*Records to process*:

(* Let $n\ge 3$ and define $$m=\begin{cases} n-2, & n\equiv 1,3\pmod 6,\ n\ne 7;\\ n-1, & n=7 \text{ or } n\equiv 0,2,5\pmod 6,\ n\ne 6;\\ n, & n=6 \text{ or } n\equiv 4\pmod 6.\end{cases}$$ If $g\ge m$ is a positive integer and there exists an orthogonal array $\mathrm{OA}(3,n+2,g)$, then there exists a $\mathrm{TOC}_{g+1}(n,4,3)$.
   Context: $\mathcal{H}_q(n,w)$ is the set of all words of length $n$ over $\mathbb{Z}_q$ with exactly $w$ nonzero entries, with the Hamming distance. An $(n,d,w)_q$-code is a nonempty subset of $\mathcal{H}_q(n,w)$ in which any two distinct words have Hamming distance at least $d$; $A_q(n,d,w)$ is the maximum size of such a code and a code of this size is optimal. A $\mathrm{TOC}_q(n,d,w)$ is a partition of $\mathcal{H}_q(n,w)$ into mutually disjoint optimal $(n,d,w)_q$-codes. An orthogonal array $\mathrm{OA}(t,k,s)$ is an $s^t\times k$ array over an $s$-symbol alphabet such that in every choice of $t$ columns each ordered $t$-tuple of symbols appears in exactly one row. *)

theory Defs
  imports Main
begin

definition hamming_dist :: "nat list \<Rightarrow> nat list \<Rightarrow> nat" where
  "hamming_dist x y = card {i. i < length x \<and> x ! i \<noteq> y ! i}"

definition weight :: "nat list \<Rightarrow> nat" where
  "weight x = card {i. i < length x \<and> x ! i \<noteq> 0}"

definition Hq :: "nat \<Rightarrow> nat \<Rightarrow> nat \<Rightarrow> nat list set" where
  "Hq q n w = {x. length x = n \<and> set x \<subseteq> {..<q} \<and> weight x = w}"

definition is_code :: "nat \<Rightarrow> nat \<Rightarrow> nat \<Rightarrow> nat \<Rightarrow> nat list set \<Rightarrow> bool" where
  "is_code q n d w C \<longleftrightarrow> C \<noteq> {} \<and> C \<subseteq> Hq q n w \<and>
     (\<forall>x\<in>C. \<forall>y\<in>C. x \<noteq> y \<longrightarrow> hamming_dist x y \<ge> d)"

definition Aq :: "nat \<Rightarrow> nat \<Rightarrow> nat \<Rightarrow> nat \<Rightarrow> nat" where
  "Aq q n d w = Max (card ` {C. is_code q n d w C})"

definition optimal_code :: "nat \<Rightarrow> nat \<Rightarrow> nat \<Rightarrow> nat \<Rightarrow> nat list set \<Rightarrow> bool" where
  "optimal_code q n d w C \<longleftrightarrow> is_code q n d w C \<and> card C = Aq q n d w"

definition TOC :: "nat \<Rightarrow> nat \<Rightarrow> nat \<Rightarrow> nat \<Rightarrow> nat list set set \<Rightarrow> bool" where
  "TOC q n d w P \<longleftrightarrow> \<Union>P = Hq q n w \<and>
     (\<forall>C\<in>P. optimal_code q n d w C) \<and>
     (\<forall>C\<in>P. \<forall>D\<in>P. C \<noteq> D \<longrightarrow> C \<inter> D = {})"

definition OA :: "nat \<Rightarrow> nat \<Rightarrow> nat \<Rightarrow> bool" where
  "OA t k s \<longleftrightarrow> (\<exists>A :: nat \<Rightarrow> nat \<Rightarrow> nat.
     (\<forall>r < s ^ t. \<forall>c < k. A r c < s) \<and>
     (\<forall>cs vs. distinct cs \<and> length cs = t \<and> set cs \<subseteq> {..<k} \<and>
              length vs = t \<and> set vs \<subseteq> {..<s} \<longrightarrow>
        (\<exists>!r. r < s ^ t \<and> (\<forall>j < t. A r (cs ! j) = vs ! j))))"

definition m_param :: "nat \<Rightarrow> nat" where
  "m_param n =
     (if (n mod 6 = 1 \<or> n mod 6 = 3) \<and> n \<noteq> 7 then n - 2
      else if n = 7 \<or> ((n mod 6 = 0 \<or> n mod 6 = 2 \<or> n mod 6 = 5) \<and> n \<noteq> 6) then n - 1
      else n)"

end

theory Submission
  imports Defs "HOL-Number_Theory.Cong"
begin

text \<open>Every row \<open>a\<close> of an \<open>OA(3, n+2, g)\<close> yields a code in \<open>H\<^sub>g\<^sub>+\<^sub>1(n, 3)\<close>: the word with
  support \<open>T\<close> carries \<open>1 + ((a\<^sub>i + \<Sum>T) mod g)\<close> at each \<open>i \<in> T\<close>. Distinct supports give
  distance at least 4, except when they share two coordinates; then the coordinate sums differ
  by \<open>t - t'\<close> with \<open>t \<noteq> t' < n\<close>, so the words differ in the shared coordinates as well as
  soon as \<open>n \<le> g\<close>. That inequality is Bush's bound for the array when \<open>g \<ge> 2\<close>, and for
  \<open>g = 1\<close> the hypothesis \<open>g \<ge> m\<close> forces \<open>n = 3\<close>, where there is only one support. Each
  code has one word per support, which is optimal because words of a weight-3 code with
  distance 4 have distinct supports. Since any three columns of the array show every triple
  of symbols exactly once, every word of \<open>H\<^sub>g\<^sub>+\<^sub>1(n, 3)\<close> lies in exactly one of the
  \<open>g\<^sup>3\<close> row codes.\<close>

definition supp :: "nat list \<Rightarrow> nat set" where
  "supp x = {i. i < length x \<and> x ! i \<noteq> 0}"

lemma weight_eq_card_supp: "weight x = card (supp x)"
  by (simp add: weight_def supp_def)

lemma supp_subset_indices: "supp x \<subseteq> {..<length x}"
  by (auto simp: supp_def)

lemma hamming_dist_le_card_supp:
  assumes "length y = length x" "supp y = supp x"
  shows "hamming_dist x y \<le> card (supp x)"
  unfolding hamming_dist_def
proof (rule card_mono)
  show "finite (supp x)" by (simp add: supp_def)
  show "{i. i < length x \<and> x ! i \<noteq> y ! i} \<subseteq> supp x"
  proof (rule subsetI, rule ccontr)
    fix i assume i: "i \<in> {i. i < length x \<and> x ! i \<noteq> y ! i}" "i \<notin> supp x"
    then have "i \<notin> supp y"
      using assms(2) by simp
    then show False
      using i assms(1) unfolding supp_def by simp
  qed
qed

lemma card_code_le_choose:
  assumes C: "is_code q n d w C" and "w < d"
  shows "card C \<le> n choose w"
proof -
  have word: "length x = n" "weight x = w" if "x \<in> C" for x
    using C that unfolding is_code_def Hq_def by auto
  have "inj_on supp C"
  proof (rule inj_onI, rule ccontr)
    fix x y assume xy: "x \<in> C" "y \<in> C" "supp x = supp y" "x \<noteq> y"
    then have "d \<le> hamming_dist x y"
      using C unfolding is_code_def by blast
    moreover have "hamming_dist x y \<le> w"
      using hamming_dist_le_card_supp[of y x] xy word by (simp add: weight_eq_card_supp)
    ultimately show False using \<open>w < d\<close> by simp
  qed
  moreover have "supp ` C \<subseteq> {T. T \<subseteq> {..<n} \<and> card T = w}"
    using word supp_subset_indices by (fastforce simp: weight_eq_card_supp)
  ultimately have "card C \<le> card {T. T \<subseteq> {..<n} \<and> card T = w}"
    by (intro card_inj_on_le) auto
  also have "\<dots> = n choose w"
    by (simp add: n_subsets)
  finally show ?thesis .
qed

*What is being asked*: Transcribe all of the material without omitting a line.

*Response area*:
(* Let $n\ge 3$ and define $$m=\begin{cases} n-2, & n\equiv 1,3\pmod 6,\ n\ne 7;\\ n-1, & n=7 \text{ or } n\equiv 0,2,5\pmod 6,\ n\ne 6;\\ n, & n=6 \text{ or } n\equiv 4\pmod 6.\end{cases}$$ If $g\ge m$ is a positive integer and there exists an orthogonal array $\mathrm{OA}(3,n+2,g)$, then there exists a $\mathrm{TOC}_{g+1}(n,4,3)$.
   Context: $\mathcal{H}_q(n,w)$ is the set of all words of length $n$ over $\mathbb{Z}_q$ with exactly $w$ nonzero entries, with the Hamming distance. An $(n,d,w)_q$-code is a nonempty subset of $\mathcal{H}_q(n,w)$ in which any two distinct words have Hamming distance at least $d$; $A_q(n,d,w)$ is the maximum size of such a code and a code of this size is optimal. A $\mathrm{TOC}_q(n,d,w)$ is a partition of $\mathcal{H}_q(n,w)$ into mutually disjoint optimal $(n,d,w)_q$-codes. An orthogonal array $\mathrm{OA}(t,k,s)$ is an $s^t\times k$ array over an $s$-symbol alphabet such that in every choice of $t$ columns each ordered $t$-tuple of symbols appears in exactly one row. *)

theory Defs
  imports Main
begin

definition hamming_dist :: "nat list \<Rightarrow> nat list \<Rightarrow> nat" where
  "hamming_dist x y = card {i. i < length x \<and> x ! i \<noteq> y ! i}"

definition weight :: "nat list \<Rightarrow> nat" where
  "weight x = card {i. i < length x \<and> x ! i \<noteq> 0}"

definition Hq :: "nat \<Rightarrow> nat \<Rightarrow> nat \<Rightarrow> nat list set" where
  "Hq q n w = {x. length x = n \<and> set x \<subseteq> {..<q} \<and> weight x = w}"

definition is_code :: "nat \<Rightarrow> nat \<Rightarrow> nat \<Rightarrow> nat \<Rightarrow> nat list set \<Rightarrow> bool" where
  "is_code q n d w C \<longleftrightarrow> C \<noteq> {} \<and> C \<subseteq> Hq q n w \<and>
     (\<forall>x\<in>C. \<forall>y\<in>C. x \<noteq> y \<longrightarrow> hamming_dist x y \<ge> d)"

definition Aq :: "nat \<Rightarrow> nat \<Rightarrow> nat \<Rightarrow> nat \<Rightarrow> nat" where
  "Aq q n d w = Max (card ` {C. is_code q n d w C})"

definition optimal_code :: "nat \<Rightarrow> nat \<Rightarrow> nat \<Rightarrow> nat \<Rightarrow> nat list set \<Rightarrow> bool" where
  "optimal_code q n d w C \<longleftrightarrow> is_code q n d w C \<and> card C = Aq q n d w"

definition TOC :: "nat \<Rightarrow> nat \<Rightarrow> nat \<Rightarrow> nat \<Rightarrow> nat list set set \<Rightarrow> bool" where
  "TOC q n d w P \<longleftrightarrow> \<Union>P = Hq q n w \<and>
     (\<forall>C\<in>P. optimal_code q n d w C) \<and>
     (\<forall>C\<in>P. \<forall>D\<in>P. C \<noteq> D \<longrightarrow> C \<inter> D = {})"

definition OA :: "nat \<Rightarrow> nat \<Rightarrow> nat \<Rightarrow> bool" where
  "OA t k s \<longleftrightarrow> (\<exists>A :: nat \<Rightarrow> nat \<Rightarrow> nat.
     (\<forall>r < s ^ t. \<forall>c < k. A r c < s) \<and>
     (\<forall>cs vs. distinct cs \<and> length cs = t \<and> set cs \<subseteq> {..<k} \<and>
              length vs = t \<and> set vs \<subseteq> {..<s} \<longrightarrow>
        (\<exists>!r. r < s ^ t \<and> (\<forall>j < t. A r (cs ! j) = vs ! j))))"

definition m_param :: "nat \<Rightarrow> nat" where
  "m_param n =
     (if (n mod 6 = 1 \<or> n mod 6 = 3) \<and> n \<noteq> 7 then n - 2
      else if n = 7 \<or> ((n mod 6 = 0 \<or> n mod 6 = 2 \<or> n mod 6 = 5) \<and> n \<noteq> 6) then n - 1
      else n)"

end

theory Submission
  imports Defs "HOL-Number_Theory.Cong"
begin

text \<open>Every row \<open>a\<close> of an \<open>OA(3, n+2, g)\<close> yields a code in \<open>H\<^sub>g\<^sub>+\<^sub>1(n, 3)\<close>: the word with
  support \<open>T\<close> carries \<open>1 + ((a\<^sub>i + \<Sum>T) mod g)\<close> at each \<open>i \<in> T\<close>. Distinct supports give
  distance at least 4, except when they share two coordinates; then the coordinate sums differ
  by \<open>t - t'\<close> with \<open>t \<noteq> t' < n\<close>, so the words differ in the shared coordinates as well as
  soon as \<open>n \<le> g\<close>. That inequality is Bush's bound for the array when \<open>g \<ge> 2\<close>, and for
  \<open>g = 1\<close> the hypothesis \<open>g \<ge> m\<close> forces \<open>n = 3\<close>, where there is only one support. Each
  code has one word per support, which is optimal because words of a weight-3 code with
  distance 4 have distinct supports. Since any three columns of the array show every triple
  of symbols exactly once, every word of \<open>H\<^sub>g\<^sub>+\<^sub>1(n, 3)\<close> lies in exactly one of the
  \<open>g\<^sup>3\<close> row codes.\<close>

definition supp :: "nat list \<Rightarrow> nat set" where
  "supp x = {i. i < length x \<and> x ! i \<noteq> 0}"

lemma weight_eq_card_supp: "weight x = card (supp x)"
  by (simp add: weight_def supp_def)

lemma supp_subset_indices: "supp x \<subseteq> {..<length x}"
  by (auto simp: supp_def)

lemma hamming_dist_le_card_supp:
  assumes "length y = length x" "supp y = supp x"
  shows "hamming_dist x y \<le> card (supp x)"
  unfolding hamming_dist_def
proof (rule card_mono)
  show "finite (supp x)" by (simp add: supp_def)
  show "{i. i < length x \<and> x ! i \<noteq> y ! i} \<subseteq> supp x"
  proof (rule subsetI, rule ccontr)
    fix i assume i: "i \<in> {i. i < length x \<and> x ! i \<noteq> y ! i}" "i \<notin> supp x"
    then have "i \<notin> supp y"
      using assms(2) by simp
    then show False
      using i assms(1) unfolding supp_def by simp
  qed
qed

lemma card_code_le_choose:
  assumes C: "is_code q n d w C" and "w < d"
  shows "card C \<le> n choose w"
proof -
  have word: "length x = n" "weight x = w" if "x \<in> C" for x
    using C that unfolding is_code_def Hq_def by auto
  have "inj_on supp C"
  proof (rule inj_onI, rule ccontr)
    fix x y assume xy: "x \<in> C" "y \<in> C" "supp x = supp y" "x \<noteq> y"
    then have "d \<le> hamming_dist x y"
      using C unfolding is_code_def by blast
    moreover have "hamming_dist x y \<le> w"
      using hamming_dist_le_card_supp[of y x] xy word by (simp add: weight_eq_card_supp)
    ultimately show False using \<open>w < d\<close> by simp
  qed
  moreover have "supp ` C \<subseteq> {T. T \<subseteq> {..<n} \<and> card T = w}"
    using word supp_subset_indices by (fastforce simp: weight_eq_card_supp)
  ultimately have "card C \<le> card {T. T \<subseteq> {..<n} \<and> card T = w}"
    by (intro card_inj_on_le) auto
  also have "\<dots> = n choose w"
    by (simp add: n_subsets)
  finally show ?thesis .
qed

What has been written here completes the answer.